With the above configuration, INetSim provides a steady stream of events – one for every spam or phishing mail the intruders submit. Obviously the mail goes right into /dev/null so their efforts are completely wasted, while I’m getting nice Kibana dashboards telling how much spam my honeypot has caught (and deleted) today.
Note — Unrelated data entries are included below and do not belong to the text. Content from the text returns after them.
text \<open>The four-point inequality: if three consecutive rho-distances are at most s^(2m), the
  points are pairwise m-orbit-close, hence the endpoints are (m - 2 M0)-orbit-close, and
  s^(-4 M0) \<le> 2 by the choice of s.\<close>
lemma rho_four_point:
  assumes M: "x \<in> M" "y \<in> M" "z \<in> M" "w \<in> M"
  shows "rho x w \<le> 2 * max (rho x y) (max (rho y z) (rho z w))"
proof -
  define r where "r = max (rho x y) (max (rho y z) (rho z w))"
  have bounds: "rho x y \<le> r" "rho y z \<le> r" "rho z w \<le> r" by (simp_all add: r_def)
  show ?thesis
  proof (cases "r = 0")
    case True
    then have "rho x y = 0" "rho y z = 0" "rho z w = 0"
      using bounds rho_nonneg by (meson order_antisym)+
    then have "x = y" "y = z" "z = w" using rho_pos by (metis less_irrefl)+
    then show ?thesis by (simp add: rho_def)
  next
    case False
    have "r = rho x y \<or> r = rho y z \<or> r = rho z w" unfolding r_def max_def by auto
    then obtain m where m: "r = s^(2*m)" using False unfolding rho_def by (auto split: if_splits)
    then have "orbit_close m x y" "orbit_close m y z" "orbit_close m z w"
      using rho_orbit_close M bounds by simp_all
    then have "orbit_close (m - M0) x z" "orbit_close (m - M0) z w"
      using orbit_close_trans[OF M(1-3)] orbit_close_mono by auto
    then have "orbit_close (m - M0 - M0) x w" using orbit_close_trans[OF M(1,3,4)] by blast
    then have "rho x w \<le> s^(2*(m - M0 - M0))" using rho_le M by blast
    also have "\<dots> \<le> 2 * s^(2*m)"
    proof (cases "m \<ge> 2*M0")
      case True
      then have "s^(2*m) = s^(2*(m - M0 - M0)) * s^(4*M0)"
        by (simp flip: power_add add: algebra_simps)
      moreover have "s^(2*(m - M0 - M0)) * 1 \<le> s^(2*(m - M0 - M0)) * (2 * s^(4*M0))"
        using s_power s_pos by (intro mult_left_mono) auto
      ultimately show ?thesis by (simp add: algebra_simps)
    next
      case False
      then have "s^(4*M0) \<le> s^(2*m)" using s_pos s_less_1 by (intro power_decreasing) auto
      then show ?thesis using False s_power by simp
    qed
    finally show ?thesis using m r_def by simp
  qed
qed

end

sublocale adapted_setup \<subseteq> R: four_point_quasimetric M rho
proof
  show "rho x x = 0" for x by (simp add: rho_def)
qed (fact rho_nonneg rho_sym rho_pos rho_four_point)+

context adapted_setup
begin

definition weighted :: "int \<Rightarrow> 'a \<Rightarrow> 'a \<Rightarrow> real" where
  "weighted n x y = s^(nat \<bar>n\<bar>) * R.D (F n x) (F n y)"

definition adapted :: "'a \<Rightarrow> 'a \<Rightarrow> real" where
  "adapted x y = (if x \<in> M \<and> y \<in> M then (SUP n. weighted n x y) else 0)"

lemma D_le_1: "x \<in> M \<Longrightarrow> y \<in> M \<Longrightarrow> R.D x y \<le> 1"
  using R.D_le_rho rho_le_1 order_trans by blast

lemma weighted_nonneg: "x \<in> M \<Longrightarrow> y \<in> M \<Longrightarrow> 0 \<le> weighted n x y"
  using s_pos R.D_nonneg F_in by (simp add: weighted_def)

lemma weighted_le_1: "x \<in> M \<Longrightarrow> y \<in> M \<Longrightarrow> weighted n x y \<le> 1"
  using s_pos s_less_1 D_le_1 R.D_nonneg F_in
  by (simp add: weighted_def mult_le_one power_le_one)

lemma weighted_le_adapted: "x \<in> M \<Longrightarrow> y \<in> M \<Longrightarrow> weighted n x y \<le> adapted x y"
  unfolding adapted_def using weighted_le_1 by (auto intro!: cSUP_upper bdd_aboveI[of _ 1])

lemma adapted_le: "x \<in> M \<Longrightarrow> y \<in> M \<Longrightarrow> (\<And>n. weighted n x y \<le> t) \<Longrightarrow> adapted x y \<le> t"
  unfolding adapted_def by (simp add: cSUP_least)

lemma D_le_adapted: "x \<in> M \<Longrightarrow> y \<in> M \<Longrightarrow> R.D x y \<le> adapted x y"
  using weighted_le_adapted[of x y 0] by (simp add: weighted_def)

lemma adapted_le_1: "adapted x y \<le> 1"
  using adapted_le weighted_le_1 by (cases "x \<in> M \<and> y \<in> M") (auto simp: adapted_def)

lemma adapted_metric: "Metric_space M adapted"
proof
  fix x y
  show "0 \<le> adapted x y"
  proof (cases "x \<in> M \<and> y \<in> M")
    case True then show ?thesis using D_le_adapted R.D_nonneg order_trans by blast
  qed (auto simp: adapted_def)
  show "adapted x y = adapted y x" unfolding adapted_def weighted_def using R.D_sym F_in by auto
next
  fix x y assume xy: "x \<in> M" "y \<in> M"
  show "adapted x y = 0 \<longleftrightarrow> x = y"
  proof
    assume "adapted x y = 0"
    then have "rho x y \<le> 0" using D_le_adapted R.rho_le_D xy by fastforce
    then show "x = y" using rho_pos by (meson not_le)
  next
    assume "x = y"
    then have "adapted x y \<le> 0" using xy by (intro adapted_le) (simp_all add: weighted_def R.D_refl F_in)
    then show "adapted x y = 0" using weighted_nonneg weighted_le_adapted xy by (meson order_antisym order_trans)
  qed
next
  fix x y z assume xyz: "x \<in> M" "y \<in> M" "z \<in> M"
  show "adapted x z \<le> adapted x y + adapted y z"
  proof (rule adapted_le[OF xyz(1,3)])
    fix n
    have "weighted n x z \<le> weighted n x y + weighted n y z"
      unfolding weighted_def distrib_left[symmetric]
      using R.D_triangle F_in xyz s_pos by (simp add: mult_left_mono)
    then show "weighted n x z \<le> adapted x y + adapted y z"
      using weighted_le_adapted[OF xyz(1,2), of n] weighted_le_adapted[OF xyz(2,3), of n] by linarith
  qed
qed
definition critical :: "'a topology \<Rightarrow> 'a set \<Rightarrow> bool" where
  "critical X v \<longleftrightarrow>
     (\<exists>p. \<not> trivial_group
            (relative_homology_group p (subtopology X (X closure_of v)) (X closure_of v - v)))"

definition regular :: "'a topology \<Rightarrow> 'a set \<Rightarrow> bool" where
  "regular X v \<longleftrightarrow> \<not> critical X v"

definition compatible :: "'a set set \<Rightarrow> 'a set \<Rightarrow> bool" where
  "compatible V A \<longleftrightarrow> (\<exists>W \<subseteq> V. A = \<Union>W)"

definition lc_hull :: "'a topology \<Rightarrow> 'a set set \<Rightarrow> 'a set \<Rightarrow> 'a set" where
  "lc_hull X V A = \<Inter>{B. A \<subseteq> B \<and> locally_closed X B \<and> compatible V B}"

definition Pi_mv :: "'a topology \<Rightarrow> 'a set set \<Rightarrow> 'a \<Rightarrow> 'a set" where
  "Pi_mv X V x = X closure_of {x} \<union> mv V x"

definition full_solution :: "'a topology \<Rightarrow> 'a set set \<Rightarrow> (int \<Rightarrow> 'a) \<Rightarrow> bool" where
  "full_solution X V \<gamma> \<longleftrightarrow> (\<forall>t. \<gamma> t \<in> topspace X \<and> \<gamma> (t + 1) \<in> Pi_mv X V (\<gamma> t))"

definition sol_path :: "'a topology \<Rightarrow> 'a set set \<Rightarrow> (int \<Rightarrow> 'a) \<Rightarrow> int \<Rightarrow> int \<Rightarrow> bool" where
  "sol_path X V \<gamma> a b \<longleftrightarrow> a \<le> b \<and>
     (\<forall>t\<in>{a..b}. \<gamma> t \<in> topspace X \<and> (t < b \<longrightarrow> \<gamma> (t + 1) \<in> Pi_mv X V (\<gamma> t)))"

definition alpha_lim :: "'a topology \<Rightarrow> 'a set set \<Rightarrow> (int \<Rightarrow> 'a) \<Rightarrow> 'a set" where
  "alpha_lim X V \<gamma> = lc_hull X V (\<Inter>t\<in>{..0}. \<gamma> ` {..t})"

definition omega_lim :: "'a topology \<Rightarrow> 'a set set \<Rightarrow> (int \<Rightarrow> 'a) \<Rightarrow> 'a set" where
  "omega_lim X V \<gamma> = lc_hull X V (\<Inter>t\<in>{0..}. \<gamma> ` {t..})"

definition essential :: "'a topology \<Rightarrow> 'a set set \<Rightarrow> (int \<Rightarrow> 'a) \<Rightarrow> bool" where
  "essential X V \<gamma> \<longleftrightarrow> full_solution X V \<gamma> \<and>
     \<not> (\<exists>v\<in>V. regular X v \<and> (alpha_lim X V \<gamma> \<subseteq> v \<or> omega_lim X V \<gamma> \<subseteq> v))"

definition ess_sol_in :: "'a topology \<Rightarrow> 'a set set \<Rightarrow> 'a set \<Rightarrow> (int \<Rightarrow> 'a) \<Rightarrow> bool" where
  "ess_sol_in X V S \<gamma> \<longleftrightarrow> essential X V \<gamma> \<and> range \<gamma> \<subseteq> S"

definition Inv :: "'a topology \<Rightarrow> 'a set set \<Rightarrow> 'a set \<Rightarrow> 'a set" where
  "Inv X V S = {x \<in> S. \<exists>\<gamma>. ess_sol_in X V S \<gamma> \<and> \<gamma> 0 = x}"

definition invariant :: "'a topology \<Rightarrow> 'a set set \<Rightarrow> 'a set \<Rightarrow> bool" where
  "invariant X V S \<longleftrightarrow> Inv X V S = S"

definition isolated_invariant :: "'a topology \<Rightarrow> 'a set set \<Rightarrow> 'a set \<Rightarrow> bool" where
  "isolated_invariant X V S \<longleftrightarrow> invariant X V S \<and>
     (\<exists>N. closedin X N \<and> (\<Union>x\<in>S. Pi_mv X V x) \<subseteq> N \<and>
        (\<forall>\<gamma> a b. sol_path X V \<gamma> a b \<and> \<gamma> ` {a..b} \<subseteq> N \<and> \<gamma> a \<in> S \<and> \<gamma> b \<in> S
                   \<longrightarrow> \<gamma> ` {a..b} \<subseteq> S))"

definition link :: "'a topology \<Rightarrow> 'a set set \<Rightarrow> (int \<Rightarrow> 'a) \<Rightarrow> 'a set \<Rightarrow> 'a set \<Rightarrow> bool" where
  "link X V \<gamma> S1 S2 \<longleftrightarrow> full_solution X V \<gamma> \<and>
     alpha_lim X V \<gamma> \<inter> S1 \<noteq> {} \<and> omega_lim X V \<gamma> \<inter> S2 \<noteq> {}"

definition morse_predecomposition ::
  "'a topology \<Rightarrow> 'a set set \<Rightarrow> 'p set \<Rightarrow> ('p \<Rightarrow> 'a set) \<Rightarrow> bool" where
  "morse_predecomposition X V P M \<longleftrightarrow>
     (\<forall>p\<in>P. \<forall>q\<in>P. p \<noteq> q \<longrightarrow> M p \<inter> M q = {}) \<and>
     (\<forall>p\<in>P. isolated_invariant X V (M p)) \<and>
     (\<forall>\<gamma>. ess_sol_in X V (topspace X) \<gamma> \<longrightarrow> (\<exists>p\<in>P. \<exists>q\<in>P. link X V \<gamma> (M p) (M q)))"

definition preorder_on :: "'p set \<Rightarrow> ('p \<Rightarrow> 'p \<Rightarrow> bool) \<Rightarrow> bool" where
  "preorder_on P leq \<longleftrightarrow> (\<forall>p\<in>P. leq p p) \<and>
     (\<forall>p\<in>P. \<forall>q\<in>P. \<forall>r\<in>P. leq p q \<and> leq q r \<longrightarrow> leq p r)"

definition partial_order_on' :: "'p set \<Rightarrow> ('p \<Rightarrow> 'p \<Rightarrow> bool) \<Rightarrow> bool" where
  "partial_order_on' P leq \<longleftrightarrow> preorder_on P leq \<and>
     (\<forall>p\<in>P. \<forall>q\<in>P. leq p q \<and> leq q p \<longrightarrow> p = q)"

definition admissible ::
  "'a topology \<Rightarrow> 'a set set \<Rightarrow> 'p set \<Rightarrow> ('p \<Rightarrow> 'a set) \<Rightarrow> ('p \<Rightarrow> 'p \<Rightarrow> bool) \<Rightarrow> bool" where
  "admissible X V P M leq \<longleftrightarrow> preorder_on P leq \<and>
     (\<forall>p\<in>P. \<forall>q\<in>P. (\<exists>\<gamma>. link X V \<gamma> (M p) (M q)) \<longrightarrow> leq q p)"

definition saturated :: "'a topology \<Rightarrow> 'a set set \<Rightarrow> 'a set \<Rightarrow> bool" where
  "saturated X V T \<longleftrightarrow> invariant X V T \<and>
     (\<forall>\<gamma>. ess_sol_in X V (topspace X) \<gamma> \<and> alpha_lim X V \<gamma> \<union> omega_lim X V \<gamma> \<subseteq> T
          \<longrightarrow> range \<gamma> \<subseteq> T)"

definition morse_decomposition ::
  "'a topology \<Rightarrow> 'a set set \<Rightarrow> 'p set \<Rightarrow> ('p \<Rightarrow> 'a set) \<Rightarrow> bool" where
  "morse_decomposition X V P M \<longleftrightarrow> morse_predecomposition X V P M \<and>
     (\<forall>p\<in>P. saturated X V (M p)) \<and>
     (\<exists>leq. admissible X V P M leq \<and> partial_order_on' P leq)"

definition convex_wrt :: "'p set \<Rightarrow> ('p \<Rightarrow> 'p \<Rightarrow> bool) \<Rightarrow> 'p set \<Rightarrow> bool" where
  "convex_wrt P leq Q \<longleftrightarrow> (\<forall>p\<in>Q. \<forall>q\<in>Q. \<forall>r\<in>P. leq p r \<and> leq r q \<longrightarrow> r \<in> Q)"

definition set_partition :: "'p set \<Rightarrow> 'p set set \<Rightarrow> bool" where
  "set_partition P \<Q> \<longleftrightarrow> (\<forall>Q\<in>\<Q>. Q \<noteq> {}) \<and> \<Union>\<Q> = P \<and>
     (\<forall>Q\<in>\<Q>. \<forall>Q'\<in>\<Q>. Q \<noteq> Q' \<longrightarrow> Q \<inter> Q' = {})"

definition induced_le :: "('p \<Rightarrow> 'p \<Rightarrow> bool) \<Rightarrow> 'p set \<Rightarrow> 'p set \<Rightarrow> bool" where
  "induced_le leq Q Q' \<longleftrightarrow> (\<exists>q\<in>Q. \<exists>q'\<in>Q'. leq q q')"

definition idx_meet :: "'p set \<Rightarrow> ('p \<Rightarrow> 'a set) \<Rightarrow> 'a set \<Rightarrow> 'p set" where
  "idx_meet P M C = {p \<in> P. M p \<inter> C \<noteq> {}}"

definition eSol :: "'a topology \<Rightarrow> 'a set set \<Rightarrow> 'p set \<Rightarrow> ('p \<Rightarrow> 'a set) \<Rightarrow> 'p set
                    \<Rightarrow> (int \<Rightarrow> 'a) set" where
  "eSol X V P M Q = {\<gamma>. ess_sol_in X V (topspace X) \<gamma> \<and>
      idx_meet P M (alpha_lim X V \<gamma>) \<inter> Q \<noteq> {} \<and> idx_meet P M (omega_lim X V \<gamma>) \<inter> Q \<noteq> {}}"

definition M_Q :: "'a topology \<Rightarrow> 'a set set \<Rightarrow> 'p set \<Rightarrow> ('p \<Rightarrow> 'a set) \<Rightarrow> 'p set \<Rightarrow> 'a set" where
  "M_Q X V P M Q = (\<Union>\<gamma>\<in>eSol X V P M Q. range \<gamma>)"

end

theory Submission
  imports Defs
begin

text \<open>
  On a finite space everything is governed by reachability along the multivalued map
  \<open>x \<mapsto> cl {x} \<union> [x]\<close>.  The hull defining a limit set only adds points lying on
  paths between recurrent points, so every point of the \<alpha>-limit set reaches every point of
  the \<omega>-limit set.  Conversely, an essential solution can be spliced with any path leaving or
  entering it without changing its limit sets.  Splicing shows that \<open>M\<^sub>Q\<close>, the union of
  the essential solutions running from \<open>Q\<close> back to \<open>Q\<close>, is invariant and isolated by the
  whole space, and that a path from \<open>M\<^sub>Q\<close> to \<open>M\<^sub>Q'\<close> yields a link from some Morse set
  \<open>M\<^sub>q\<close> with \<open>q \<in> Q\<close> to some \<open>M\<^sub>r\<close> with \<open>r \<in> Q'\<close>, whence \<open>Q' \<le>\<^sub>\<Q> Q\<close>.  So a common
  point of \<open>M\<^sub>Q\<close> and \<open>M\<^sub>Q'\<close> forces \<open>Q = Q'\<close> by antisymmetry, \<open>\<le>\<^sub>\<Q>\<close> is admissible, and
  saturation follows because each \<open>M\<^sub>p\<close> lies in \<open>M\<^sub>Q\<close> for the block \<open>Q\<close> containing \<open>p\<close>.
\<close>

section \<open>Finite spaces and multivectors\<close>

lemma closure_of_finite_eq_UN_singletons:
  "finite S \<Longrightarrow> X closure_of S = (\<Union>x\<in>S. X closure_of {x})"
  using closure_of_Union[of "(\<lambda>x. {x}) ` S" X] by simp

lemma finite_space_locally_closedI:
  assumes fin: "finite (topspace X)" and S: "S \<subseteq> topspace X"
    and convex: "\<And>x a b. x \<in> S \<Longrightarrow> a \<in> X closure_of {x} \<Longrightarrow> b \<in> X closure_of {a} \<Longrightarrow> b \<in> S
                   \<Longrightarrow> a \<in> S"
  shows "locally_closed X S"
proof -
  have fin_S: "finite S" using S fin finite_subset by blast
  have fin_frontier: "finite (X closure_of S - S)"
    using fin closure_of_subset_topspace finite_subset by (metis Diff_subset subset_trans)
  have "X closure_of (X closure_of S - S) \<subseteq> X closure_of S - S"
  proof
    fix b assume "b \<in> X closure_of (X closure_of S - S)"
    then obtain a where a: "a \<in> X closure_of S" "a \<notin> S" and b: "b \<in> X closure_of {a}"
      using closure_of_finite_eq_UN_singletons[OF fin_frontier] by blast
    obtain x where x: "x \<in> S" "a \<in> X closure_of {x}"
      using a(1) closure_of_finite_eq_UN_singletons[OF fin_S] by blast
    have "X closure_of {a} \<subseteq> X closure_of {x}"
      using closure_of_mono[of "{a}" "X closure_of {x}" X] x(2) by simp
    then have "b \<in> X closure_of S"
      using b x(1) closure_of_finite_eq_UN_singletons[OF fin_S] by blast
    moreover have "b \<notin> S" using convex[OF x b] a(2) by blast
    ultimately show "b \<in> X closure_of S - S" by blast
  qed
  then have "closedin X (X closure_of S - S)"
    using closure_of_subset_topspace[of X S] by (auto simp add: closure_of_subset_eq[symmetric])
  with S show ?thesis unfolding locally_closed_def by blast
qed

lemma multivector_field_Union: "multivector_field X V \<Longrightarrow> \<Union>V = topspace X"
  unfolding multivector_field_def by simp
There’s one more thing, though. Each email usually has two From addresses; one often referred to as envelope-from (this is the first header line), and one called the header-from (the difference is explained here). While the envelope-from is a simple email address, the header-from can be almost anything including all kinds of international characters. Because an email header only allows a limited set of character, the header-from is often MIME encoded. For instance, an email from me would look like this:

From: Bjørn

But in the email header it would say:

From: =?UTF-8?Q?Bj=c3=b8rn?=

Since these headers aren’t decoded automatically, and since Logstash has no native decoding function for MIME, a small Logstash filter trick needs to be implemented. Logstash allows inline Ruby code, and the Ruby codebase provided with Logstash includes the mail gem, which in turn provides a MIME decode function. So I added the following to the Logstash filter:

    if [smtp][from] {
        ruby {
            init => "require 'mail'"
            code => "event.set('[smtp][from_decoded]',
             Mail::Encodings.value_decode(event.get('[smtp][from]')))"
        }
    }

The code first makes sure the mail gem is loaded, then it creates a new nested field [smtp][from_decoded] and inserts the value of [smtp][from] after applying Ruby’s Mail::Encodings.value_decode function. Equal decoding also happens on a few other headers, including the Subject header.

Some things are better left encoded.

With this in place, my honeypot Kibana dashboard displays all the headers properly, and I can read spam subjects like “Cîalis Professional 20ϻg 60 pȋlls” instead of wondering what “=?UTF-8?Q?C=C3=AEalis?= Professional =?UTF-8?Q?20=CF=BBg?= 60 =?UTF-8?Q?p?= =?UTF-8?Q?=C8=8Blls?=” really means.